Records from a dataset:

______

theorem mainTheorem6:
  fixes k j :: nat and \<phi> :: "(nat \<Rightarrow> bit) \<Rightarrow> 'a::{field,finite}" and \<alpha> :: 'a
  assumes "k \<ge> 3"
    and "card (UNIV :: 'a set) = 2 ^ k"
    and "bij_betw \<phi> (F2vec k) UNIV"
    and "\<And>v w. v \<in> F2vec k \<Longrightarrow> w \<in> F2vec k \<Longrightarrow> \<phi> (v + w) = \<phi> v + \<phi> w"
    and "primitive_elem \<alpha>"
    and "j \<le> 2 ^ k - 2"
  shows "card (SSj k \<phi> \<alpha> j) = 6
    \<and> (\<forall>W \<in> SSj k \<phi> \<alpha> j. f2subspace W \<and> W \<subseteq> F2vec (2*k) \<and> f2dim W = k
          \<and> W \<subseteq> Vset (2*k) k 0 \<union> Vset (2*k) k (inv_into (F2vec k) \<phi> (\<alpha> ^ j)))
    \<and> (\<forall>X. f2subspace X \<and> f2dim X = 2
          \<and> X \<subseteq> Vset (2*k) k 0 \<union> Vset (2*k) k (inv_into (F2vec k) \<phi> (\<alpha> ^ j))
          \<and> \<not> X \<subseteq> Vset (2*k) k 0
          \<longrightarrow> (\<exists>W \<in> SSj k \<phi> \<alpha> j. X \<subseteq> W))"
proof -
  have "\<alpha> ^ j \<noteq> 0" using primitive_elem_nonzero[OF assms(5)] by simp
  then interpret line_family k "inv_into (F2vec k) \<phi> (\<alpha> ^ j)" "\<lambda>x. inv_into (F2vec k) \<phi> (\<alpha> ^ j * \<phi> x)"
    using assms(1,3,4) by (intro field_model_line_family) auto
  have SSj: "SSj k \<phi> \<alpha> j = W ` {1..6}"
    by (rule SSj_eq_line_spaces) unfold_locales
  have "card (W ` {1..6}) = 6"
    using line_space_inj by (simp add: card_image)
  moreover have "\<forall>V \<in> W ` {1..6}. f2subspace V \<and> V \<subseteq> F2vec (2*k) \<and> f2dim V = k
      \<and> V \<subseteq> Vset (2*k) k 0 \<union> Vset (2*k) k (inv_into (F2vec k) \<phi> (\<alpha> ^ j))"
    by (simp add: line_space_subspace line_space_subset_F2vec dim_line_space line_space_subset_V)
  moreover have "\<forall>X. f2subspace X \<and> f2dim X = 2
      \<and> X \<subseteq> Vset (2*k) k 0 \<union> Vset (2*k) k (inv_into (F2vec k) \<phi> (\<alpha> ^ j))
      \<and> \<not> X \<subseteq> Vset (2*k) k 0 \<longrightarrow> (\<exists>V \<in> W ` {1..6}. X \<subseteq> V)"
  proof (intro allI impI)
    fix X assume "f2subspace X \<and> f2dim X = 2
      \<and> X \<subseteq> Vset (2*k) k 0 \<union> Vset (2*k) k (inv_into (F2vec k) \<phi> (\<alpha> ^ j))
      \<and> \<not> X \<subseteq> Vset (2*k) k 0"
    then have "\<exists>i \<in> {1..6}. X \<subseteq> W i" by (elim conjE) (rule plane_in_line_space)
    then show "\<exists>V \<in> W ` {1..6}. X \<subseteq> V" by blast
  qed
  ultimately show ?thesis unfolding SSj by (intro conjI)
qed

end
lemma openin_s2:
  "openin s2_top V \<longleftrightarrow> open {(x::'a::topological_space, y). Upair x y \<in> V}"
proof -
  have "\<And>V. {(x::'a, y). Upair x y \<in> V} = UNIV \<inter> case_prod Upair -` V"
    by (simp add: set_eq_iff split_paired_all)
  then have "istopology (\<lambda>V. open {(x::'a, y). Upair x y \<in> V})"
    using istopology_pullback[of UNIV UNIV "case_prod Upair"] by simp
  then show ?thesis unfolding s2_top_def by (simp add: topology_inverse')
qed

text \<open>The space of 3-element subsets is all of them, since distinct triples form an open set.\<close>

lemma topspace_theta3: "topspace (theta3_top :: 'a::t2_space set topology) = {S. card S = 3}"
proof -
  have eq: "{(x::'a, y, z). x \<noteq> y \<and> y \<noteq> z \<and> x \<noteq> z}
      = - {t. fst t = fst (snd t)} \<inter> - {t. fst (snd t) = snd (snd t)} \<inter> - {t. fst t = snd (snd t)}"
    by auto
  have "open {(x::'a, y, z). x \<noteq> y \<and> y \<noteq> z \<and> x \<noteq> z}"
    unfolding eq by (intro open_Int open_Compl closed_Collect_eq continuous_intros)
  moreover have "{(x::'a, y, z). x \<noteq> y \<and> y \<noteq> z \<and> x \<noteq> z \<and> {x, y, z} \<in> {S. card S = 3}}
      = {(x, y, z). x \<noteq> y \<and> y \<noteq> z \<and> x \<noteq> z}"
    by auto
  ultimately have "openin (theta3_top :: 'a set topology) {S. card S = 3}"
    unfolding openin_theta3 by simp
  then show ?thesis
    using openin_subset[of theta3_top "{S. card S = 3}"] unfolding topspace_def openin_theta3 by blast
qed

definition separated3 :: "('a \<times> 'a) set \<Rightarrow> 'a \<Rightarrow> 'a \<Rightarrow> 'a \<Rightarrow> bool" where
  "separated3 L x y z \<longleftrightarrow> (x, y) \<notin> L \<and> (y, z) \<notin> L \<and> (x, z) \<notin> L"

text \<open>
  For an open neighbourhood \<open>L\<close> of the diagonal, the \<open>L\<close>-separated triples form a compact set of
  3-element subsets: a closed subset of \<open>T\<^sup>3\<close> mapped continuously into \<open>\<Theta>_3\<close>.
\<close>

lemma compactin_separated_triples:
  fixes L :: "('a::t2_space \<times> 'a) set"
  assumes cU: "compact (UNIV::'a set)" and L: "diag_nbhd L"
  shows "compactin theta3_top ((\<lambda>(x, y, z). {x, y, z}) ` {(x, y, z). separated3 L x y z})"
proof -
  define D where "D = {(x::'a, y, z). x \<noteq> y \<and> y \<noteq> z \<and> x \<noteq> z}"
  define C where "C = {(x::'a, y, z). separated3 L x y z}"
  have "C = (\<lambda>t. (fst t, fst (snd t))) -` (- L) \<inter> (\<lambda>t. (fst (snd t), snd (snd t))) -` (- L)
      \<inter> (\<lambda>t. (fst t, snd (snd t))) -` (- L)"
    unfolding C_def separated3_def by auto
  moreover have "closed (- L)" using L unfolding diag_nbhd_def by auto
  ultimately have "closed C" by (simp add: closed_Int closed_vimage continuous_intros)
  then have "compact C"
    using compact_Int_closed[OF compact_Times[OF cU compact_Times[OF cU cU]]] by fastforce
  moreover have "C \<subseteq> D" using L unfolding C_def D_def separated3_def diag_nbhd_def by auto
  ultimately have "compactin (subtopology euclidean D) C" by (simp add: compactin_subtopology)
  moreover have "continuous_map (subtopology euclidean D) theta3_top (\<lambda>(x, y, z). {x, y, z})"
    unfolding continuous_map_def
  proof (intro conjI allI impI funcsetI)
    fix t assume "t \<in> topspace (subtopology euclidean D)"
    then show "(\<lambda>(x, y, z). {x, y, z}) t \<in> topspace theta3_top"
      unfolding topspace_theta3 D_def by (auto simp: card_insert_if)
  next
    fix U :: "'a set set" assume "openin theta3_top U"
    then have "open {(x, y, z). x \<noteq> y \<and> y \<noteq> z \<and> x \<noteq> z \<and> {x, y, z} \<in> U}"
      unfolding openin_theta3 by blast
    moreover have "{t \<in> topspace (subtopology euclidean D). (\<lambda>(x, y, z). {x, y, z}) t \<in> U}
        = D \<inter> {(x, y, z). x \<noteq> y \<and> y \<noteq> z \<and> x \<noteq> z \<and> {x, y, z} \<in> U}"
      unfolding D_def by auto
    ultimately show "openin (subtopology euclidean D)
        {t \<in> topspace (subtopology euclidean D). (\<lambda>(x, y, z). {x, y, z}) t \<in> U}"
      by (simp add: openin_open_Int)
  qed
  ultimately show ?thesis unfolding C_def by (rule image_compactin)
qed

______

TASK DETAILS:
Please return only the lines above, starting at the line that has "V \<subseteq> Vset" and ending at the line that has "fix X assume", keeping both and leaving each one unchanged.

RESULT:
      \<and> V \<subseteq> Vset (2*k) k 0 \<union> Vset (2*k) k (inv_into (F2vec k) \<phi> (\<alpha> ^ j))"
    by (simp add: line_space_subspace line_space_subset_F2vec dim_line_space line_space_subset_V)
  moreover have "\<forall>X. f2subspace X \<and> f2dim X = 2
      \<and> X \<subseteq> Vset (2*k) k 0 \<union> Vset (2*k) k (inv_into (F2vec k) \<phi> (\<alpha> ^ j))
      \<and> \<not> X \<subseteq> Vset (2*k) k 0 \<longrightarrow> (\<exists>V \<in> W ` {1..6}. X \<subseteq> V)"
  proof (intro allI impI)
    fix X assume "f2subspace X \<and> f2dim X = 2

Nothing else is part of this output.